Importantly, the High Court also addressed the evidential limitations inherent in the case. The children did not testify. The mother’s account depended on the children’s statements relayed to her, and the documentary evidence, while potentially contemporaneous, still did not necessarily establish what the father intended or knew at the time of the alleged conduct. The High Court therefore distinguished between (i) evidence of distress and (ii) evidence of the father’s intention or knowledge to cause that distress. Even where medical notes and police reports may corroborate that a child reported harm or experienced anxiety, the court still required proof that the father’s actions were undertaken with the requisite mental element.
What Was the Outcome?
The High Court allowed the father’s appeal and set aside the PPO granted by the District Judge. Although the court accepted that the children were suffering from severe stress and anxiety due to persistent parental conflict, it was not satisfied that the father had acted with the necessary intention or knowledge that his conduct would hurt or cause anguish to the children.
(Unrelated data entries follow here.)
(* Let $\alpha_1\ge\alpha_2\ge\dots>0$ with $\sum_n\alpha_n<\infty$, set $R_n=\sum_{i=n+1}^\infty\alpha_i$ for $n\ge0$, and assume $\alpha_n>R_n$ for every $n\ge1$. Let $\rho$ be the law of $\sum_{j=1}^\infty\varepsilon_j\alpha_j$, where $(\varepsilon_j)$ are i.i.d. with $\mathbb P[\varepsilon_j=1]=\mathbb P[\varepsilon_j=-1]=\frac12$ (equivalently, the infinite convolution of the measures $\frac12(\delta_{\alpha_n}+\delta_{-\alpha_n})$). Then for every integer $n\ge0$: (i) if $I$ is an interval of length $|I|<R_n$, then $\rho(I)\le2^{-n}$; (ii) if $\delta>0$ and $R_n<\frac\delta4$, then $\rho((\lambda-\delta,\lambda+\delta))\ge2^{-n}$ for every $\lambda$ in the support of $\rho$. *)

theory Defs
  imports "HOL-Probability.Probability"
begin

text \<open>Probability space of i.i.d. signs eps_1, eps_2, ... (coordinate 0 is unused),
  each uniform on {-1, 1}.\<close>
definition sign_space :: "(nat \<Rightarrow> real) measure" where
  "sign_space = (\<Pi>\<^sub>M j\<in>(UNIV::nat set). measure_pmf (pmf_of_set {-1::real, 1}))"

definition sign_series_law :: "(nat \<Rightarrow> real) \<Rightarrow> real measure" where
  "sign_series_law \<alpha> = distr sign_space borel (\<lambda>\<epsilon>. \<Sum>j. \<epsilon> (Suc j) * \<alpha> (Suc j))"

definition tail_sum :: "(nat \<Rightarrow> real) \<Rightarrow> nat \<Rightarrow> real" where
  "tail_sum \<alpha> n = (\<Sum>i. \<alpha> (n + 1 + i))"

definition measure_support :: "'a::topological_space measure \<Rightarrow> 'a set" where
  "measure_support M = {x. \<forall>U. open U \<and> x \<in> U \<longrightarrow> emeasure M U > 0}"

end

theory Submission
  imports Defs
begin

(* Write the sign series as S = P_n + T_n, with P_n the sum of the first n signed terms and
   T_n the tail.  Because alpha_k > R_k, the tail T_n has the sign of eps_(n+1) and modulus at
   most R_n, while sign sequences with different first n signs have partial sums P_n more than
   2 R_n apart.  Hence two sign sequences whose sums are closer than R_n and which agree at
   position n+1 agree at all positions up to n+1: a set of diameter less than R_n is hit, up to
   a null set, by at most two cylinders of length n+1, of total mass 2^-n.  Conversely, a point
   of the support lies within delta/2 of some sum S(c), and the whole cylinder of length n
   around c, of mass 2^-n, is mapped within 2 R_n < delta/2 of S(c). *)

interpretation signs: product_prob_space "\<lambda>_::nat. measure_pmf (pmf_of_set {-1::real, 1})" UNIV
  by (intro product_prob_spaceI prob_space_measure_pmf)

lemma prob_space_sign_space: "prob_space sign_space"
  unfolding sign_space_def by (rule signs.P.prob_space_axioms)

lemma space_sign_space [simp]: "space sign_space = UNIV"
  by (simp add: sign_space_def space_PiM)

definition sign_sequence :: "(nat \<Rightarrow> real) \<Rightarrow> bool" where
  "sign_sequence e \<longleftrightarrow> (\<forall>j. e j \<in> {-1, 1})"

lemma sign_sequenceD: "sign_sequence e \<Longrightarrow> e j = -1 \<or> e j = 1"
  by (auto simp: sign_sequence_def)

lemma abs_sign_sequence: "sign_sequence e \<Longrightarrow> \<bar>e j\<bar> = 1"
  using sign_sequenceD[of e j] by auto

definition cylinder :: "nat \<Rightarrow> (nat \<Rightarrow> real) \<Rightarrow> (nat \<Rightarrow> real) set" where
  "cylinder m e = {x. \<forall>j\<in>{1..m}. x j = e j}"

lemma cylinder_Suc: "cylinder (Suc n) e = {x \<in> cylinder n e. x (Suc n) = e (Suc n)}"
  by (auto simp: cylinder_def le_Suc_eq)

lemma AE_sign_sequence: "AE e in sign_space. sign_sequence e"
  unfolding sign_sequence_def
proof (subst AE_all_countable, intro allI)
  fix j :: nat
  let ?N = "{x. x j \<in> - {-1, 1::real}}"
  have "?N \<in> sets sign_space"
    using sets_Collect_single'[of j UNIV "\<lambda>_. measure_pmf (pmf_of_set {-1::real, 1})" "\<lambda>x. x \<in> - {-1, 1}"]
    by (simp add: sign_space_def space_PiM)
  moreover have "emeasure sign_space ?N = emeasure (measure_pmf (pmf_of_set {-1::real, 1})) (- {-1, 1})"
    using signs.emeasure_PiM_Collect_single[of j "- {-1, 1}"] by (simp add: sign_space_def space_PiM)
  moreover have "\<dots> = 0"
    by (simp add: measure_pmf.emeasure_eq_measure measure_pmf_zero_iff)
  ultimately show "AE e in sign_space. e j \<in> {-1, 1}"
    by (intro AE_I'[of ?N]) auto
qed

lemma cylinder_eq_prod_emb:
  "cylinder m e = prod_emb UNIV (\<lambda>_. measure_pmf (pmf_of_set {-1::real, 1})) {1..m} (\<Pi>\<^sub>E j\<in>{1..m}. {e j})"
  by (auto simp: cylinder_def prod_emb_def PiE_iff space_PiM)

lemma cylinder_in_sets: "cylinder m e \<in> sets sign_space"
  unfolding cylinder_eq_prod_emb sign_space_def by (rule sets_PiM_I) auto

lemma measure_cylinder:
  assumes "sign_sequence e"
  shows "measure sign_space (cylinder m e) = (1/2) ^ m"
proof -
  have "measure sign_space (cylinder m e) = (\<Prod>j\<in>{1..m}. measure (measure_pmf (pmf_of_set {-1::real, 1})) {e j})"
    unfolding cylinder_eq_prod_emb sign_space_def by (rule signs.measure_PiM_emb) auto
  also have "\<dots> = (\<Prod>j\<in>{1..m}. 1/2)"
    using assms by (intro prod.cong) (auto simp: sign_sequence_def measure_pmf_single pmf_of_set)
  finally show ?thesis by simp
qed

definition sign_sum :: "(nat \<Rightarrow> real) \<Rightarrow> (nat \<Rightarrow> real) \<Rightarrow> real" where
  "sign_sum \<alpha> e = (\<Sum>j. e (Suc j) * \<alpha> (Suc j))"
Practically, the setting aside of the PPO meant that the protective restrictions and consequences associated with the PPO no longer applied to the father in relation to the children under the terms of that order.
Why Does This Case Matter?
UNQ v UNR is significant for practitioners because it underscores that family violence findings under s 65(1) of the Charter are not purely outcome-based. Courts must be satisfied not only that a child is distressed or afraid, but also that the alleged perpetrator acted with the required intention or knowledge. This is particularly relevant in high-conflict custody and access disputes, where emotional harm may be attributable to the broader conflict rather than to a parent’s wilful or knowing conduct.
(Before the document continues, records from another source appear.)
lemma bregman_after_lookahead:
  assumes adm1: "admissible x1 g1" "f x1 = ereal a1" "a1 < 0"
    and adm2: "admissible x2 g2"
    and x2: "x2 = 2 * newton_point f x1 g1 - x1"
  shows "bregman f t x2 < ereal ((a1 + g1 * (t - x1) - c) / 2)"
proof -
  define n1 where "n1 = newton_point f x1 g1"
  have "g1 < 0" using admissibleD(2)[OF adm1(1,2)] adm1(3) .
  note tangent = newton_point_tangent[of f, OF adm1(2,3) \<open>g1 < 0\<close>, folded n1_def]
  have a1: "a1 = g1 * (x1 - n1)" using tangent(2)[of x1] by simp
  have "n1 < x1" by (rule tangent(1))
  obtain a2 where a2: "f x2 = ereal a2" using adm2 unfolding admissible_def by blast
  note x2_props = admissibleD[OF adm2 a2]
  have "a2 \<le> c" using nonpos_le_target_value[of x2] a2 x2_props(1) by (simp add: zero_ereal_def)
  have half_slope: "g * (t - x2) \<le> g1 * (t - x2) / 2" if "g \<in> sgrad f x2" for g
  proof -
    have "a1 \<le> a2 + g * (x1 - x2)" using sgradD[OF that, of x1] a2 adm1(2) by simp
    then have "g1 * (x1 - n1) \<le> (2 * g) * (x1 - n1)"
      using a1 x2 x2_props(1) by (simp add: n1_def[symmetric] algebra_simps)
    then have "g1 \<le> 2 * g" using \<open>n1 < x1\<close> by simp
    then have "(g - g1 / 2) * (t - x2) \<le> 0" using x2_props(4) by (intro mult_nonneg_nonpos) auto
    moreover have "(g - g1 / 2) * (t - x2) = g * (t - x2) - g1 * (t - x2) / 2"
      by (simp add: algebra_simps)
    ultimately show ?thesis by linarith
  qed
  have "0 \<le> g1 * (t - x2) / 2" using \<open>g1 < 0\<close> x2_props(4) by (simp add: mult_nonpos_nonpos)
  then have "bregman f t x2 \<le> ereal (a2 + g1 * (t - x2) / 2 - c)"
    by (intro bregman_le[OF value_at_target a2] half_slope)
  also have "\<dots> < ereal ((a1 + g1 * (t - x1) - c) / 2)"
  proof -
    have x2_n1: "x2 = 2 * n1 - x1" using x2 by (simp add: n1_def)
    have "g1 * (t - x2) = g1 * (t - x1) + 2 * a1" unfolding x2_n1 a1 by (simp add: algebra_simps)
    then have "a2 + g1 * (t - x2) / 2 - c < (a1 + g1 * (t - x1) - c) / 2"
      using adm1(3) \<open>a2 \<le> c\<close> target_value_nonpos by (simp add: field_simps)
    then show ?thesis by simp
  qed
  finally show ?thesis .
qed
The decision also highlights the evidential challenges in PPO proceedings. Where the alleged incidents occur during access and the children do not testify, courts must carefully scrutinise the reliability and weight of hearsay accounts relayed through a parent, even if supported by medical notes or police reports. While contemporaneous documents can be helpful, they may not be sufficient to establish the mental element required by the statute.
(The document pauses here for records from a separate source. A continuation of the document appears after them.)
text \<open>E j is the edge set of the DAG G_j on coflows 0..<mu j;
  pos j is a topological order (pos j c = position of c); sigma j c t s r is the number of
  packets of coflow c of job j sent from s to r in slot t of job j's (undelayed) Step 1 schedule,
  which is a feasible (BNA-type) schedule of that coflow inside its window of D consecutive slots.\<close>
definition step1_schedule ::
  "nat \<Rightarrow> 'j set \<Rightarrow> ('j \<Rightarrow> nat) \<Rightarrow> ('j \<Rightarrow> nat \<Rightarrow> nat \<Rightarrow> nat \<Rightarrow> nat) \<Rightarrow> ('j \<Rightarrow> (nat \<times> nat) set)
   \<Rightarrow> ('j \<Rightarrow> nat \<Rightarrow> nat) \<Rightarrow> ('j \<Rightarrow> nat \<Rightarrow> nat \<Rightarrow> nat \<Rightarrow> nat \<Rightarrow> nat) \<Rightarrow> bool" where
  "step1_schedule m N mu d E pos sigma \<longleftrightarrow>
     (\<forall>j\<in>N.
        E j \<subseteq> {0..<mu j} \<times> {0..<mu j} \<and> acyclic (E j) \<and>
        bij_betw (pos j) {0..<mu j} {0..<mu j} \<and>
        (\<forall>(c1, c2)\<in>E j. pos j c1 < pos j c2) \<and>
        (\<forall>c<mu j.
           let S = start_slot m mu d pos j c; D = eff_size m (d j c) in
           (\<forall>t s r. (t < S \<or> S + D \<le> t) \<longrightarrow> sigma j c t s r = 0) \<and>
           (\<forall>s<m. \<forall>r<m. (\<Sum>t\<in>{S..<S+D}. sigma j c t s r) = d j c s r) \<and>
           (\<forall>t. (\<forall>s<m. (\<Sum>r<m. sigma j c t s r) \<le> 1) \<and>
                (\<forall>r<m. (\<Sum>s<m. sigma j c t s r) \<le> 1))))"

text \<open>Step 2/3: with delay vector x, the merged schedule; number of packets server s sends /
  receives in slot t.\<close>
definition send_load ::
  "nat \<Rightarrow> 'j set \<Rightarrow> ('j \<Rightarrow> nat) \<Rightarrow> ('j \<Rightarrow> nat \<Rightarrow> nat \<Rightarrow> nat \<Rightarrow> nat \<Rightarrow> nat) \<Rightarrow> ('j \<Rightarrow> nat)
   \<Rightarrow> nat \<Rightarrow> nat \<Rightarrow> nat" where
  "send_load m N mu sigma x t s =
     (\<Sum>j\<in>N. \<Sum>c<mu j. \<Sum>r<m. if x j \<le> t then sigma j c (t - x j) s r else 0)"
For lawyers advising clients in family violence applications, the case provides a clear reminder to focus submissions and evidence on the mental element: what the alleged perpetrator intended, knew, or was likely to know at the time. It also suggests that courts will be cautious about equating “distress” with “family violence” without a clear evidential link to the statutory threshold.
Legislation Referenced
- Women’s Charter (Cap 353, 2009 Rev Ed), s 65(1)
Cases Cited
- UEJ v UEK [2017] SGFC 90
- UNR v UNQ [2020] SGFC 2
- UNQ v UNR [2020] SGHCF 21
Source Documents
This article analyses [2020] SGHCF 21 for legal research and educational purposes. It does not constitute legal advice. Readers should consult the full judgment for the Court's complete reasoning.